Provided information:
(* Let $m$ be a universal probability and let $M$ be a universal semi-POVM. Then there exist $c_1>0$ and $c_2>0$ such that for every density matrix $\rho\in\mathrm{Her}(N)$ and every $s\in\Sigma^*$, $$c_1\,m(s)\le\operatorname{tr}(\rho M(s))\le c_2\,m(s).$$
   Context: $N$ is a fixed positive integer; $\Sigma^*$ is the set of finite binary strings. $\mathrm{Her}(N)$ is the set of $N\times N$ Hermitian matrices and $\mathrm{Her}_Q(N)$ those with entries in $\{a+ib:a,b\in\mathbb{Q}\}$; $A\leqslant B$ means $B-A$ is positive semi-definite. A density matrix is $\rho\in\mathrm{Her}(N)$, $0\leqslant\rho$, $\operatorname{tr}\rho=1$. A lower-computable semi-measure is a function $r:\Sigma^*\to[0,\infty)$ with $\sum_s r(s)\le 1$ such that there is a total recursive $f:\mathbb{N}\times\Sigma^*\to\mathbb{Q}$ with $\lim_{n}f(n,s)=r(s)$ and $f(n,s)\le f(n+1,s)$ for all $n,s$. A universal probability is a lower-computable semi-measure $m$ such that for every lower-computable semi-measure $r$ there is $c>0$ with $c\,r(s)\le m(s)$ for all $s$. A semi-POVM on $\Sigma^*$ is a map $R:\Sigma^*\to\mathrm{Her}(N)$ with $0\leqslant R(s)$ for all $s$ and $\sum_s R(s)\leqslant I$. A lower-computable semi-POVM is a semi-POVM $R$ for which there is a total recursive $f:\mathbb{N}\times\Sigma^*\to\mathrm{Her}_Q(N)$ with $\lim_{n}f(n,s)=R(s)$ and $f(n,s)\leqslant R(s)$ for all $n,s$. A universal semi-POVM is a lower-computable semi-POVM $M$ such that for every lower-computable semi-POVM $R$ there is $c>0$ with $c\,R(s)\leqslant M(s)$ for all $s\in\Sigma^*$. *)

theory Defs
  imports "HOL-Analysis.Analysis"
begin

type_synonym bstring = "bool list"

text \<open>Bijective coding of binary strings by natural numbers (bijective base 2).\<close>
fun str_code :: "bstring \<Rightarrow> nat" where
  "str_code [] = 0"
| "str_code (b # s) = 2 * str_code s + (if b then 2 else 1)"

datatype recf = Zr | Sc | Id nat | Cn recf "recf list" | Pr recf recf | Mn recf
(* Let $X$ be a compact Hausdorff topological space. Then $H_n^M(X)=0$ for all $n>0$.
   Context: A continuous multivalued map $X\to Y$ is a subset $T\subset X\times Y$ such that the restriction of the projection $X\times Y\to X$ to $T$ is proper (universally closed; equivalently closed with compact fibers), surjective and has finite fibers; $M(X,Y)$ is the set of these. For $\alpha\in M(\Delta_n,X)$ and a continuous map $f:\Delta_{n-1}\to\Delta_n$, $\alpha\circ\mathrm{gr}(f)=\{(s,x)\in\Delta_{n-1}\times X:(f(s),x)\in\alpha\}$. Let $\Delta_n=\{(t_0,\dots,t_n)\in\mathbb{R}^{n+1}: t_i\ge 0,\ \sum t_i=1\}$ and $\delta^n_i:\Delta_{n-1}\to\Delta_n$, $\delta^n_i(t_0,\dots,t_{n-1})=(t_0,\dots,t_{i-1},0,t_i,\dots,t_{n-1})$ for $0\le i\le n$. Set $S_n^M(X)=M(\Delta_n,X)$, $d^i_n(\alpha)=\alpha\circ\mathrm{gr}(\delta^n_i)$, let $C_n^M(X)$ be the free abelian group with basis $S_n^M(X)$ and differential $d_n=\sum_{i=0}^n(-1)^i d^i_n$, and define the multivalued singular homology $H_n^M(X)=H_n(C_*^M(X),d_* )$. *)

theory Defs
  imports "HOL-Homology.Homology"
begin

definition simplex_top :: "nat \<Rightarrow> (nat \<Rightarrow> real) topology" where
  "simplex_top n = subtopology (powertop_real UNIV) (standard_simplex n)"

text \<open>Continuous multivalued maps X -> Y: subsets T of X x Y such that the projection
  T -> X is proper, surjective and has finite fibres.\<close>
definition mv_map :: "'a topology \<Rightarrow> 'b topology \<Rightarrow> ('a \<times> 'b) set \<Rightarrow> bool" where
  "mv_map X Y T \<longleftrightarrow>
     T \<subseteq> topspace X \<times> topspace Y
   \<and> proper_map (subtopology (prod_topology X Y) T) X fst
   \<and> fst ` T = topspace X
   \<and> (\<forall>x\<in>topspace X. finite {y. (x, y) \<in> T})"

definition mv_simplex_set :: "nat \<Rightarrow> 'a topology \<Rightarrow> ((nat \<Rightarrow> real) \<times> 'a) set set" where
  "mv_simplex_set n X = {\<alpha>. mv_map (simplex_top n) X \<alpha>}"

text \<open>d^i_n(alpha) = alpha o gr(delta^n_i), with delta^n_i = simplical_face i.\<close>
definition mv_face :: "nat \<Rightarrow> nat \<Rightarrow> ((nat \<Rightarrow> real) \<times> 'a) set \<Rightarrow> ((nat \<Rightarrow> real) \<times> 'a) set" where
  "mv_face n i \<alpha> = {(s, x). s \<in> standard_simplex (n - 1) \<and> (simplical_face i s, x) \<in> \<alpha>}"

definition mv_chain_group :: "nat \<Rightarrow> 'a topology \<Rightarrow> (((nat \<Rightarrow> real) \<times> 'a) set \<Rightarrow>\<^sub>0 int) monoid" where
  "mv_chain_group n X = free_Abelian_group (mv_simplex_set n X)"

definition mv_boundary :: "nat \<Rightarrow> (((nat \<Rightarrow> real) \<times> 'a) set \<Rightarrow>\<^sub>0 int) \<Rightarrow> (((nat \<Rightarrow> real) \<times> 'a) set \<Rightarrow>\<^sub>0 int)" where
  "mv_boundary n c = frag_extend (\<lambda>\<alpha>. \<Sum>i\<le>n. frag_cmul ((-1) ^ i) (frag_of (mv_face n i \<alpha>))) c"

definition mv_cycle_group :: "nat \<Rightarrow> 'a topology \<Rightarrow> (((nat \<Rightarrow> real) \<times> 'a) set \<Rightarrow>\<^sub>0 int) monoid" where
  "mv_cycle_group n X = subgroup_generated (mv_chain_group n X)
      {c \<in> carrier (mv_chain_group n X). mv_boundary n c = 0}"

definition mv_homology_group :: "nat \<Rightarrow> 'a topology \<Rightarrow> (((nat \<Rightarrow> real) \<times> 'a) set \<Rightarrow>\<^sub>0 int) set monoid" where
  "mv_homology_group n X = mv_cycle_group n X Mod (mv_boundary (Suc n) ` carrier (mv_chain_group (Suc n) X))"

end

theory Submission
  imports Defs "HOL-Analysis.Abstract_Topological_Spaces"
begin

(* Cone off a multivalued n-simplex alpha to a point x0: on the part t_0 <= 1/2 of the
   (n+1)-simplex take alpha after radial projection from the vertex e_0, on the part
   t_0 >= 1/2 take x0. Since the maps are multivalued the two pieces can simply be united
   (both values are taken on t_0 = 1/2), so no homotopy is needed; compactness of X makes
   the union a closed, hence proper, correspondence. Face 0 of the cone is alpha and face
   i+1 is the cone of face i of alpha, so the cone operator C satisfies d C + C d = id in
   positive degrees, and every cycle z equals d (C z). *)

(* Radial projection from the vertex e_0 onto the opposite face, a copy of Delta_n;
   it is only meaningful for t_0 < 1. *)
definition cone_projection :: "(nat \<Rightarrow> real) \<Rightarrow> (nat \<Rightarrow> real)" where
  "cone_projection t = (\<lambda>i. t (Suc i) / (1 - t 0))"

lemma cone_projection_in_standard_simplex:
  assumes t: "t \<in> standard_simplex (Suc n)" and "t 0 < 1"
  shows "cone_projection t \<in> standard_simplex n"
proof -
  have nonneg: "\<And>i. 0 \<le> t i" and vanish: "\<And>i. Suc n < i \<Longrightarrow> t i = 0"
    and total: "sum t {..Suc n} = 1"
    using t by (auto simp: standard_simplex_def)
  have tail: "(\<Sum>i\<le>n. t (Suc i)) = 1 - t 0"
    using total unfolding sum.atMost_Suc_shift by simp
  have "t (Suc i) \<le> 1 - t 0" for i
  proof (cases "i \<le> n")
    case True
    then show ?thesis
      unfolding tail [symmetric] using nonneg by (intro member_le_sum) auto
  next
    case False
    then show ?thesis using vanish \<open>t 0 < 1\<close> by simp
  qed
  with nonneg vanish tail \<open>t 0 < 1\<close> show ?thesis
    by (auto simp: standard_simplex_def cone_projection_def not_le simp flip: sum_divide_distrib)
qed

Task item: Restate word for word only the lines above from the line containing "s \<in> standard_simplex" to the line containing "X = free_Abelian_group", both of them included.

Response area:
  "mv_face n i \<alpha> = {(s, x). s \<in> standard_simplex (n - 1) \<and> (simplical_face i s, x) \<in> \<alpha>}"

definition mv_chain_group :: "nat \<Rightarrow> 'a topology \<Rightarrow> (((nat \<Rightarrow> real) \<times> 'a) set \<Rightarrow>\<^sub>0 int) monoid" where
  "mv_chain_group n X = free_Abelian_group (mv_simplex_set n X)"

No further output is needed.